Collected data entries
━━━━━━━━━━━━━━━━━━━━━━━━━━━━━━

lemma sigma_add_row_multiple:
  fixes Q :: "real^'D::finite^'d::finite"
  shows "sigma (Q + t *\<^sub>R axis a (Q $ b)) \<mu> = (if a = b then 1 + t else 1) * sigma Q \<mu>"
proof -
  define R :: "real^'d^'d" where "R = (\<chi> i j. Q $ i $ \<mu> j)"
  have rows: "(\<chi> i j. (Q + t *\<^sub>R axis a (Q $ b)) $ i $ \<mu> j) = (\<chi> i. if i = a then row a R + t *s row b R else row i R)"
    by (simp add: vec_eq_iff R_def row_def axis_def)
  show ?thesis
  proof (cases "a = b")
    case True
    have "(\<chi> i. if i = a then row a R + t *s row b R else row i R) = (\<chi> i. if i = a then (1 + t) *s row i R else row i R)"
      using True by (simp add: vec_eq_iff algebra_simps)
    then show ?thesis
      using True det_row_mul[of a "1 + t" "\<lambda>i. row i R"] unfolding sigma_eq_det rows
      by (simp add: R_def row_def)
  next
    case False
    then show ?thesis
      using det_row_operation[OF False, of R t] unfolding sigma_eq_det rows by (simp add: R_def row_def)
  qed
qed

definition sigma_deriv :: "real^'D::finite^'d::finite \<Rightarrow> ('d \<Rightarrow> 'D) \<Rightarrow> real^'D^'d \<Rightarrow> real" where
  "sigma_deriv Q \<mu> W = (\<Sum>a\<in>UNIV. levi_civita a *
     (\<Sum>j\<in>UNIV. W $ a j $ \<mu> j * (\<Prod>k\<in>UNIV - {j}. Q $ a k $ \<mu> k)))"

lemma has_derivative_matrix_entry: "((\<lambda>Q. Q $ i $ k) has_derivative (\<lambda>W. W $ i $ k)) F"
  for Q :: "real^'m::finite^'n::finite"
  by (intro bounded_linear_imp_has_derivative bounded_linear_compose[OF bounded_linear_vec_nth]
      bounded_linear_vec_nth)

lemma has_derivative_sigma: "((\<lambda>Q. sigma Q \<mu>) has_derivative sigma_deriv Q \<mu>) (at Q within S)"
  unfolding sigma_def[abs_def] sigma_deriv_def[abs_def]
  by (intro has_derivative_sum has_derivative_mult_right has_derivative_prod has_derivative_matrix_entry)

lemma differentiable_prod:
  fixes f :: "'i \<Rightarrow> 'a::real_normed_vector \<Rightarrow> real"
  assumes "\<And>i. i \<in> I \<Longrightarrow> f i differentiable (at x within S)"
  shows "(\<lambda>x. \<Prod>i\<in>I. f i x) differentiable (at x within S)"
proof -
  obtain f' where "\<And>i. i \<in> I \<Longrightarrow> (f i has_derivative f' i) (at x within S)"
    using assms unfolding differentiable_def by metis
  then show ?thesis
    unfolding differentiable_def by (blast intro: has_derivative_prod)
qed

lemma differentiable_sigma_deriv: "(\<lambda>Q. sigma_deriv Q \<mu> W) differentiable (at Q within S)"
  unfolding sigma_deriv_def
  by (intro differentiable_sum differentiable_mult differentiable_const differentiable_prod ballI finite
      has_derivative_matrix_entry[THEN differentiableI])

lemma sigma_deriv_axis_row:
  fixes Q :: "real^'D::finite^'d::finite"
  shows "sigma_deriv Q \<mu> (axis a (Q $ b)) = (if a = b then sigma Q \<mu> else 0)"
proof -
  have "((\<lambda>t. sigma (Q + t *\<^sub>R axis a (Q $ b)) \<mu>) has_real_derivative sigma_deriv Q \<mu> (axis a (Q $ b))) (at 0)"
    using has_real_derivative_along_line[of "\<lambda>Q. sigma Q \<mu>" "sigma_deriv Q \<mu>" Q 0]
    by (simp add: has_derivative_sigma)
  moreover have "((\<lambda>t. (if a = b then 1 + t else 1) * sigma Q \<mu>) has_real_derivative
      (if a = b then sigma Q \<mu> else 0)) (at 0)"
    by (auto intro!: derivative_eq_intros)
  ultimately show ?thesis
    unfolding sigma_add_row_multiple by (rule DERIV_unique)
qed

section \<open>Derivatives of the volume density\<close>

definition gamma_deriv_Q ::
  "(real^'D \<Rightarrow> ('d \<Rightarrow> 'D) \<Rightarrow> ('d \<Rightarrow> 'D) \<Rightarrow> real) \<Rightarrow> real^'D::finite \<Rightarrow> real^'D^'d::finite \<Rightarrow> real^'D^'d \<Rightarrow> real"
  where "gamma_deriv_Q V y Q W = (\<Sum>\<mu>\<in>UNIV. \<Sum>\<nu>\<in>UNIV.
     V y \<mu> \<nu> * (sigma_deriv Q \<mu> W * sigma Q \<nu> + sigma Q \<mu> * sigma_deriv Q \<nu> W))"

definition gamma_deriv_x ::
  "(real^'D \<Rightarrow> ('d \<Rightarrow> 'D) \<Rightarrow> ('d \<Rightarrow> 'D) \<Rightarrow> real) \<Rightarrow> real^'D::finite \<Rightarrow> real^'D^'d::finite \<Rightarrow> real^'D \<Rightarrow> real"
  where "gamma_deriv_x V y Q w = (\<Sum>\<mu>\<in>UNIV. \<Sum>\<nu>\<in>UNIV.
     (\<Sum>\<alpha>\<in>UNIV. w $ \<alpha> * dirderiv (\<lambda>y. V y \<mu> \<nu>) y (axis \<alpha> 1)) * sigma Q \<mu> * sigma Q \<nu>)"

lemma has_derivative_gamma_v_Q:
  "((\<lambda>Q. gamma_v V y Q) has_derivative gamma_deriv_Q V y Q) (at Q within S)"
  unfolding gamma_v_def[abs_def] gamma_deriv_Q_def[abs_def]
  by (rule derivative_eq_intros has_derivative_sigma refl | simp)+ (simp add: algebra_simps)

lemma has_derivative_gamma_v_x:
  assumes "\<And>\<mu> \<nu>. (\<lambda>y. V y \<mu> \<nu>) differentiable (at y)"
  shows "((\<lambda>y. gamma_v V y Q) has_derivative gamma_deriv_x V y Q) (at y)"
  unfolding gamma_v_def[abs_def] gamma_deriv_x_def[abs_def]
  by (rule derivative_eq_intros has_derivative_axis_expansion[OF assms] refl | simp)+

lemma has_derivative_gamma_v_comp:
  assumes x: "(x has_derivative x') (at \<xi>)" and q: "(q has_derivative q') (at \<xi>)"
    and V: "\<And>\<mu> \<nu>. (\<lambda>y. V y \<mu> \<nu>) differentiable (at (x \<xi>))"
  shows "((\<lambda>\<eta>. gamma_v V (x \<eta>) (q \<eta>)) has_derivative
     (\<lambda>v. gamma_deriv_x V (x \<xi>) (q \<xi>) (x' v) + gamma_deriv_Q V (x \<xi>) (q \<xi>) (q' v))) (at \<xi>)"
proof -
  have V': "((\<lambda>\<eta>. V (x \<eta>) \<mu> \<nu>) has_derivative
      (\<lambda>v. \<Sum>\<alpha>\<in>UNIV. x' v $ \<alpha> * dirderiv (\<lambda>y. V y \<mu> \<nu>) (x \<xi>) (axis \<alpha> 1))) (at \<xi>)" for \<mu> \<nu>
    using has_derivative_compose[OF x has_derivative_axis_expansion[OF V]] by simp
  have \<sigma>': "((\<lambda>\<eta>. sigma (q \<eta>) \<mu>) has_derivative (\<lambda>v. sigma_deriv (q \<xi>) \<mu> (q' v))) (at \<xi>)" for \<mu>
    using has_derivative_compose[OF q has_derivative_sigma] .
  have "((\<lambda>\<eta>. \<Sum>\<mu>\<in>UNIV. \<Sum>\<nu>\<in>UNIV. V (x \<eta>) \<mu> \<nu> * sigma (q \<eta>) \<mu> * sigma (q \<eta>) \<nu>) has_derivative
     (\<lambda>v. \<Sum>\<mu>\<in>UNIV. \<Sum>\<nu>\<in>UNIV.
        (V (x \<xi>) \<mu> \<nu> * sigma (q \<xi>) \<mu>) * sigma_deriv (q \<xi>) \<nu> (q' v) +
        (V (x \<xi>) \<mu> \<nu> * sigma_deriv (q \<xi>) \<mu> (q' v) +
         (\<Sum>\<alpha>\<in>UNIV. x' v $ \<alpha> * dirderiv (\<lambda>y. V y \<mu> \<nu>) (x \<xi>) (axis \<alpha> 1)) * sigma (q \<xi>) \<mu>)
        * sigma (q \<xi>) \<nu>)) (at \<xi>)"
    by (intro has_derivative_sum has_derivative_mult V' \<sigma>')
  then show ?thesis
    unfolding gamma_v_def gamma_deriv_x_def gamma_deriv_Q_def
    by (rule has_derivative_eq_rhs) (simp add: fun_eq_iff sum.distrib[symmetric] algebra_simps)
qed

lemma linear_gamma_deriv_Q: "linear (gamma_deriv_Q V y Q)"
  using has_derivative_gamma_v_Q[of V y Q UNIV] has_derivative_linear by blast

lemma linear_gamma_deriv_x: "linear (gamma_deriv_x V y Q)"
proof -
  have "(gamma_deriv_x V y Q has_derivative gamma_deriv_x V y Q) (at 0)"
    unfolding gamma_deriv_x_def[abs_def]
    by (rule derivative_eq_intros refl bounded_linear_imp_has_derivative[OF bounded_linear_vec_nth]
        | simp)+
  then show ?thesis
    using has_derivative_linear by blast
qed

text \<open>Euler's relation for the function \<open>gamma_v V y\<close>, homogeneous of degree 2 in each row of \<open>Q\<close>.\<close>
lemma gamma_deriv_Q_contract_row:
  fixes Q :: "real^'D::finite^'d::finite"
  shows "(\<Sum>\<alpha>\<in>UNIV. Q $ b $ \<alpha> * gamma_deriv_Q V y Q (axis a (axis \<alpha> 1)))
    = (if a = b then 2 * gamma_v V y Q else 0)"
proof -
  have "(\<Sum>\<alpha>\<in>UNIV. Q $ b $ \<alpha> * gamma_deriv_Q V y Q (axis a (axis \<alpha> 1)))
      = gamma_deriv_Q V y Q (\<Sum>\<alpha>\<in>UNIV. Q $ b $ \<alpha> *\<^sub>R axis a (axis \<alpha> 1))"
    using linear_gamma_deriv_Q[of V y Q] by (simp add: linear_sum linear_scale)
  also have "\<dots> = gamma_deriv_Q V y Q (axis a (Q $ b))"
    by (simp add: sum_scaleR_axis_axis)
  also have "\<dots> = (if a = b then 2 * gamma_v V y Q else 0)"
    unfolding gamma_deriv_Q_def gamma_v_def sigma_deriv_axis_row
    by (auto simp: sum_distrib_left algebra_simps intro!: sum.cong)
  finally show ?thesis .
qed

section \<open>Functions with countably many critical values\<close>

lemma countable_discrete:
  fixes Z :: "'a::second_countable_topology set"
  assumes "discrete Z"
  shows "countable Z"
proof -
  have open_singleton: "openin (top_of_set Z) {z}" if z: "z \<in> Z" for z
  proof -
    obtain T where "open T" "T \<inter> Z = {z}"
      using discreteD[OF assms z] by (rule isolated_inE)
    then show ?thesis
      unfolding openin_open by (intro exI[of _ T]) blast
  qed
  obtain \<F> where \<F>: "\<F> \<subseteq> (\<lambda>z. {z}) ` Z" "countable \<F>" "\<Union>\<F> = \<Union>((\<lambda>z. {z}) ` Z)"
    by (rule Lindelof_openin[of "(\<lambda>z. {z}) ` Z" Z]) (use open_singleton in auto)
  have "Z = \<Union>\<F>"
    using \<F>(3) by simp
  moreover have "countable C" if "C \<in> \<F>" for C
    using that \<F>(1) by auto
  ultimately show ?thesis
    using countable_UN[OF \<F>(2), of "\<lambda>C. C"] by simp
qed

lemma countable_image_locally_constant:
  fixes g :: "'a::second_countable_topology \<Rightarrow> 'b"
  assumes "open W" and loc: "\<And>x. x \<in> W \<Longrightarrow> \<exists>T. open T \<and> x \<in> T \<and> (\<forall>z\<in>T. g z = g x)"
  shows "countable (g ` W)"
proof -
  define fiber where "fiber y = W \<inter> g -` {y}" for y
  have "open (fiber y)" for y
  proof (subst open_subopen, intro ballI)
    fix x assume "x \<in> fiber y"
    then obtain T where "open T" "x \<in> T" "\<forall>z\<in>T. g z = g x" "x \<in> W" "g x = y"
      using loc unfolding fiber_def by blast
    then show "\<exists>T'. open T' \<and> x \<in> T' \<and> T' \<subseteq> fiber y"
      using \<open>open W\<close> unfolding fiber_def by (intro exI[of _ "T \<inter> W"]) auto
  qed
  moreover have "pairwise disjnt (fiber ` g ` W)"
    unfolding fiber_def pairwise_def disjnt_def by auto
  ultimately have "countable (fiber ` g ` W)"
    by (intro countable_disjoint_open_subsets) auto
  moreover have "inj_on fiber (g ` W)"
    by (auto simp: inj_on_def fiber_def)
  ultimately show ?thesis
    by (rule countable_image_inj_on)
qed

━━━━━━━━━━━━━━━━━━━━━━━━━━━━━━

## WORK TO BE COMPLETED
Check each line above for the string "dots" and copy every line that has it.

## WRITTEN REPLY
  also have "\<dots> = gamma_deriv_Q V y Q (axis a (Q $ b))"
  also have "\<dots> = (if a = b then 2 * gamma_v V y Q else 0)"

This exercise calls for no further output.